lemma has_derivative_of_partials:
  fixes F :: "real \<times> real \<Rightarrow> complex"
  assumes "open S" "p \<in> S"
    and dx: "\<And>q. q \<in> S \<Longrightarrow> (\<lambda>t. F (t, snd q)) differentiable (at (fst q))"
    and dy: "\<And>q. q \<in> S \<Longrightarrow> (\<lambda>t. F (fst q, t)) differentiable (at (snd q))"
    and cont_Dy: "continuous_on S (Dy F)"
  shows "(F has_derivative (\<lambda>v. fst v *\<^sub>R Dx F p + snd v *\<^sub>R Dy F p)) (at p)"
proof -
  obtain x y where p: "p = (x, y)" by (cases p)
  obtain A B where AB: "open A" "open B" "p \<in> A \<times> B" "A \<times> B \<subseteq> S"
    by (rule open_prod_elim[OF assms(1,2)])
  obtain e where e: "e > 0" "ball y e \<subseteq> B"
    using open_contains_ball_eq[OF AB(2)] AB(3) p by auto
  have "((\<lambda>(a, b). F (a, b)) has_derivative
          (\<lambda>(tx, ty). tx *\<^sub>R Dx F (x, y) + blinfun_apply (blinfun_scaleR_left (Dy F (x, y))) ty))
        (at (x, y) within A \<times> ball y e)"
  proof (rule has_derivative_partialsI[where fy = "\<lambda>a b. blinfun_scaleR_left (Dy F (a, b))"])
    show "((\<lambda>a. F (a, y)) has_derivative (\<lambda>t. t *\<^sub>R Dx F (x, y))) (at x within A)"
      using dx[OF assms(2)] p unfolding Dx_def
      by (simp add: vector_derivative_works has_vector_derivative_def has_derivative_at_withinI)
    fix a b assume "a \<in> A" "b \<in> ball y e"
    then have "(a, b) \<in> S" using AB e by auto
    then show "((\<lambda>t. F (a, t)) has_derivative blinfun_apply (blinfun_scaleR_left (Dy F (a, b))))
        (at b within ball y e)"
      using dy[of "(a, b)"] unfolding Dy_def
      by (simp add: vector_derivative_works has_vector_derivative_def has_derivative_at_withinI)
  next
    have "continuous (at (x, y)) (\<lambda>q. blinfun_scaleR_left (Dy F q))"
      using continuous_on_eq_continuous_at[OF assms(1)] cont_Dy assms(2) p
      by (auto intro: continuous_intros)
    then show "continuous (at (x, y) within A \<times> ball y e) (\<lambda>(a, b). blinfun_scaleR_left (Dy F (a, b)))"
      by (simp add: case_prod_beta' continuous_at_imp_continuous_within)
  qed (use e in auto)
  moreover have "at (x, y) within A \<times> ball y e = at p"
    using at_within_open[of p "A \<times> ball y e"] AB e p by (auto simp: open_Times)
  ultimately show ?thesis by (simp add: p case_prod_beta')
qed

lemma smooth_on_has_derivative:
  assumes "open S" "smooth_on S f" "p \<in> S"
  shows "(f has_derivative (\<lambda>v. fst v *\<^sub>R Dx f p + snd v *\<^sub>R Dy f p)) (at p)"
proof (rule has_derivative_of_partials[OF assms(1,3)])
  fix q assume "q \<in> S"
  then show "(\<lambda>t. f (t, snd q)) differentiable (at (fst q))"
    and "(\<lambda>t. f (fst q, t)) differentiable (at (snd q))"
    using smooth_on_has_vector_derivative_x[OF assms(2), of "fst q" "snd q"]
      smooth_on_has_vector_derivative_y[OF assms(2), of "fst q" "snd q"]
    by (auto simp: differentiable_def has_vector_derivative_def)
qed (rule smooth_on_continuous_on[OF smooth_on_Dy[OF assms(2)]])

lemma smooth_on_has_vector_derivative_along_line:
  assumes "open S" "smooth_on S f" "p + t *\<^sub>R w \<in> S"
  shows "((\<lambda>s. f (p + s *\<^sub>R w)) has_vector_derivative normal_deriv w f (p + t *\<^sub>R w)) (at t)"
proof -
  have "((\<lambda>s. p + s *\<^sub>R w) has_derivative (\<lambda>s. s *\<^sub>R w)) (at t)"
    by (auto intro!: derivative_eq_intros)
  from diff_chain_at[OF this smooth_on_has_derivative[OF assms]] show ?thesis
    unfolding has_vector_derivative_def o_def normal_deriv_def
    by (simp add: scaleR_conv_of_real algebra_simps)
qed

---

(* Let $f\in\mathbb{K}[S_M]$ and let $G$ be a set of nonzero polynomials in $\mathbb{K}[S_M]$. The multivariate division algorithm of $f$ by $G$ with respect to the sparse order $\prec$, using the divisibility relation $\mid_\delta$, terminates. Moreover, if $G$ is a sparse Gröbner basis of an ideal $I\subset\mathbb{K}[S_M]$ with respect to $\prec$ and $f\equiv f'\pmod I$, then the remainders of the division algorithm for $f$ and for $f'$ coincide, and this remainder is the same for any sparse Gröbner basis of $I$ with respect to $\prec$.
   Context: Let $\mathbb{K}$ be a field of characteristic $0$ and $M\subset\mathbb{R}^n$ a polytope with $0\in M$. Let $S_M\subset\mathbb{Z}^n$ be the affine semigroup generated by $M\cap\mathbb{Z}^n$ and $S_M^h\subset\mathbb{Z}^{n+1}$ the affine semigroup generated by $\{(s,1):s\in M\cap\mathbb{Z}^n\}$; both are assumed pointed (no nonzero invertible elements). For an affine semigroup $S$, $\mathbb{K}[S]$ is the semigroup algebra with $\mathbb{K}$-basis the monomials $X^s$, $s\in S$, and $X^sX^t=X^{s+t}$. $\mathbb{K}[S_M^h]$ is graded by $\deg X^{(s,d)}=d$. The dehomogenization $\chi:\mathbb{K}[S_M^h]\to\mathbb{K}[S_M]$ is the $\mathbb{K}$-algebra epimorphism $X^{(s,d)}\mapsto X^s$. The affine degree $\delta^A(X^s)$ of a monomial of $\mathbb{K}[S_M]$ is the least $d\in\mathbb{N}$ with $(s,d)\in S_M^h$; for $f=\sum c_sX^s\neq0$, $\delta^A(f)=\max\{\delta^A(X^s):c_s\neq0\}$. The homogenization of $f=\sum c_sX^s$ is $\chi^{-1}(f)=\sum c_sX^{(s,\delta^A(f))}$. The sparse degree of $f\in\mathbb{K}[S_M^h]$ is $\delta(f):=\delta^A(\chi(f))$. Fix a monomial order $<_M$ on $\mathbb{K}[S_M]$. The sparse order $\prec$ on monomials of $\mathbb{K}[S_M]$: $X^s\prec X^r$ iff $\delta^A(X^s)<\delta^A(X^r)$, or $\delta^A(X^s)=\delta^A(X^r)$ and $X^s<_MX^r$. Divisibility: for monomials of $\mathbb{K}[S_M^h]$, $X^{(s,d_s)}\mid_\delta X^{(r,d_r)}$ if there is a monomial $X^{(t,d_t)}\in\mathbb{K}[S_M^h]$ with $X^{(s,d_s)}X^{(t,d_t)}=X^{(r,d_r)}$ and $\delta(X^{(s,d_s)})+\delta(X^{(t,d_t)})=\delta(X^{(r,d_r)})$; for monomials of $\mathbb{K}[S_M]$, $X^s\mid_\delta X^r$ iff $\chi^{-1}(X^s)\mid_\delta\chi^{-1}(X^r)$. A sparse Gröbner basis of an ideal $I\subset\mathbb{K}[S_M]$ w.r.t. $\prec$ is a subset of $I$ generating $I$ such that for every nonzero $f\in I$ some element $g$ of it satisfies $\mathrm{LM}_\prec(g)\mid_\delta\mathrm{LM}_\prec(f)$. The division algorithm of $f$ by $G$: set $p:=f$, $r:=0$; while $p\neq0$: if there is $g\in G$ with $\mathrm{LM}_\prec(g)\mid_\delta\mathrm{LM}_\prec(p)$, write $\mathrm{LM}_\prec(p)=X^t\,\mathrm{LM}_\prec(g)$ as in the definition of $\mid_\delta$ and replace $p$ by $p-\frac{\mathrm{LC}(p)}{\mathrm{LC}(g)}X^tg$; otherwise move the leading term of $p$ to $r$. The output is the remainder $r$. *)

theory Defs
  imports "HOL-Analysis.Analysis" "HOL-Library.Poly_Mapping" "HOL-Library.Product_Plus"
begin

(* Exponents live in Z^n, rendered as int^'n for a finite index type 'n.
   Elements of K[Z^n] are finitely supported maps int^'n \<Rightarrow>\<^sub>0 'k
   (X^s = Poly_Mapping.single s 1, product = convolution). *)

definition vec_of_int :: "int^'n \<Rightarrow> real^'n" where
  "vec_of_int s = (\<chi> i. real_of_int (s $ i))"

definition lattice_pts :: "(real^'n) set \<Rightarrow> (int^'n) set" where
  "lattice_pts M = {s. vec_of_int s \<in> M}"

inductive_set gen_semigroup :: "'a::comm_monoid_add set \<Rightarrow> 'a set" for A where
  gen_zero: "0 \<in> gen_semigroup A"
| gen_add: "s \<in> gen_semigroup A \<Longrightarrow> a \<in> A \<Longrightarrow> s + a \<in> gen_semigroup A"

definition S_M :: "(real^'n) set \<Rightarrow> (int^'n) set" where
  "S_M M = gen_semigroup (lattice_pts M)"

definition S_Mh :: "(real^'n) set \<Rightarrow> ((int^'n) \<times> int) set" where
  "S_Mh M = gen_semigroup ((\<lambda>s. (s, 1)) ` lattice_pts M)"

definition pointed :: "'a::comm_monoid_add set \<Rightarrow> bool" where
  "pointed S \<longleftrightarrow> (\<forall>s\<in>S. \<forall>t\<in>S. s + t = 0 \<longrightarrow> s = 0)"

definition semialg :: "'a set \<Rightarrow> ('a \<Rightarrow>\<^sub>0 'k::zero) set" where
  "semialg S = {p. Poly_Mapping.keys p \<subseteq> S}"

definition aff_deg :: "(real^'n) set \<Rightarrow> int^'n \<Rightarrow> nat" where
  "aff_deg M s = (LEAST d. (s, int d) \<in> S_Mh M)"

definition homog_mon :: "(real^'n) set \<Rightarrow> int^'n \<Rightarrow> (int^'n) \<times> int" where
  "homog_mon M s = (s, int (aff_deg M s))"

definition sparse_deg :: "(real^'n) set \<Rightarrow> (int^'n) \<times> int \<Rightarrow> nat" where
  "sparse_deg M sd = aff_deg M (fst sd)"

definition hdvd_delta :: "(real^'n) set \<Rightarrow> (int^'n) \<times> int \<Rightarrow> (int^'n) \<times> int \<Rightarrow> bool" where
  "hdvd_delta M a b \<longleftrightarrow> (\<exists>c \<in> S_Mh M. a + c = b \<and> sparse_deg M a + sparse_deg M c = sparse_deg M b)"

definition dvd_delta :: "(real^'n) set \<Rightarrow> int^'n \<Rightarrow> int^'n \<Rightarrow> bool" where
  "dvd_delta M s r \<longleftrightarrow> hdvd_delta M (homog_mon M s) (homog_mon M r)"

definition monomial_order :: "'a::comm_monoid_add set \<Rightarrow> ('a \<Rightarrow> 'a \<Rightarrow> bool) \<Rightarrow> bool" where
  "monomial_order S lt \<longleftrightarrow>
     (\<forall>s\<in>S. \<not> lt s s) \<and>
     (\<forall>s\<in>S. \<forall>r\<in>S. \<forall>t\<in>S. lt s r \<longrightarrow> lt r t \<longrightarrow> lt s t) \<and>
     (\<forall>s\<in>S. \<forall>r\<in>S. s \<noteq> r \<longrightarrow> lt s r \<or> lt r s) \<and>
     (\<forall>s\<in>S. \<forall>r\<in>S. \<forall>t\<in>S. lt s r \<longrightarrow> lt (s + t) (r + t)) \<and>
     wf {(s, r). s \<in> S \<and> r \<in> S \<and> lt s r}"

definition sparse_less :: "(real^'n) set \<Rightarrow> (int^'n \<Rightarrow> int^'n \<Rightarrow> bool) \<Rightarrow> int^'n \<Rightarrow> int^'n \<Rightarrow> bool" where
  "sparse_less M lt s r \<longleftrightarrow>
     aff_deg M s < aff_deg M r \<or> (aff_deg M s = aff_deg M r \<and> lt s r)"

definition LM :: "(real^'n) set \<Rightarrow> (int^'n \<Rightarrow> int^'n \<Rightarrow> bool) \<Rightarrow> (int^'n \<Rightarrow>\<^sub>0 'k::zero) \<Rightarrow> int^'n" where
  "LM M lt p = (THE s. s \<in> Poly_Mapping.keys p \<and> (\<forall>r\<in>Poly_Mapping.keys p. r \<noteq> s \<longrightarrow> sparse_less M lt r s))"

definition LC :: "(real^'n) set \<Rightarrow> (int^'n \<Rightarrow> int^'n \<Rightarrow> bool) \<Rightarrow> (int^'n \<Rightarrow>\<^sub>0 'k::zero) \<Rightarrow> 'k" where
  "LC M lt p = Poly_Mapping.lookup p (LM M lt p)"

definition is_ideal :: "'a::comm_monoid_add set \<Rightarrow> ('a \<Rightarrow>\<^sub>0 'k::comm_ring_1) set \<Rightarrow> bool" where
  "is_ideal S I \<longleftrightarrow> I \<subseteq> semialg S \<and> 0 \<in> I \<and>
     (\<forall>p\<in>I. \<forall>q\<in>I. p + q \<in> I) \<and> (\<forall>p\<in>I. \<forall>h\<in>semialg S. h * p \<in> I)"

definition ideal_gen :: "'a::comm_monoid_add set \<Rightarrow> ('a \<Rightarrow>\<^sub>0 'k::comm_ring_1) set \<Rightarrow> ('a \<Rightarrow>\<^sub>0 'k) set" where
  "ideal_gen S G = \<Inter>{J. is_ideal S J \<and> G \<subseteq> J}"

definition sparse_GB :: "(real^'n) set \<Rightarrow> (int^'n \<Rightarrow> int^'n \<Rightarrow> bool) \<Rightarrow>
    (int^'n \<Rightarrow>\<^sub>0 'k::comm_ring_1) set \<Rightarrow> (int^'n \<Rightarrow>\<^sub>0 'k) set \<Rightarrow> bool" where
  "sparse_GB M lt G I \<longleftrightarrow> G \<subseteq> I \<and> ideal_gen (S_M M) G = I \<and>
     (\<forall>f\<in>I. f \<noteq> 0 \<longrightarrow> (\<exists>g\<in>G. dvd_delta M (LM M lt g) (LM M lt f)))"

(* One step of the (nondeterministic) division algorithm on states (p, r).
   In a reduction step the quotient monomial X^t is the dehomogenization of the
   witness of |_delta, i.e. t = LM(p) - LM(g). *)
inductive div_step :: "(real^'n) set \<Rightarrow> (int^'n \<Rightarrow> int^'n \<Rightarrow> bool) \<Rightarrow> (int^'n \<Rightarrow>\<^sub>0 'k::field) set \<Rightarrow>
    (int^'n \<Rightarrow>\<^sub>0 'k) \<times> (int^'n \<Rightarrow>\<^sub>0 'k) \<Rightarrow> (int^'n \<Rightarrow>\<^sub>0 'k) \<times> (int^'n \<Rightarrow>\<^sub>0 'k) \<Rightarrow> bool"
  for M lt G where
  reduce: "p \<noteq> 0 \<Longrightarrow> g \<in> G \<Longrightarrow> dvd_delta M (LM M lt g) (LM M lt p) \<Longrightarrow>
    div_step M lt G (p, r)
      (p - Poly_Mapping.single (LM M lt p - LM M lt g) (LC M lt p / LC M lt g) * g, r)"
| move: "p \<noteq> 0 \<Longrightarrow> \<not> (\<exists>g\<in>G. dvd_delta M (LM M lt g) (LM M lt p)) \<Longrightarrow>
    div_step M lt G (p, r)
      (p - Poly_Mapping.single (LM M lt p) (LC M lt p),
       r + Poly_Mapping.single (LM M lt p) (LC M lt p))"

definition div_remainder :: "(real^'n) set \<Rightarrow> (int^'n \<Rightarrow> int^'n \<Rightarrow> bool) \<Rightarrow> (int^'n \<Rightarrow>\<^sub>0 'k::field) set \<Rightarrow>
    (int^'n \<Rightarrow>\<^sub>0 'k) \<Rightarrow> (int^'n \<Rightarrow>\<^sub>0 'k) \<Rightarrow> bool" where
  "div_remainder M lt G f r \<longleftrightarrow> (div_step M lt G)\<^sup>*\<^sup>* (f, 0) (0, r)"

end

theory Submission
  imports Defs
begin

What is required:
Please report the number of lines in the data that include the word "rule", and add no other text.

Output for this task:
4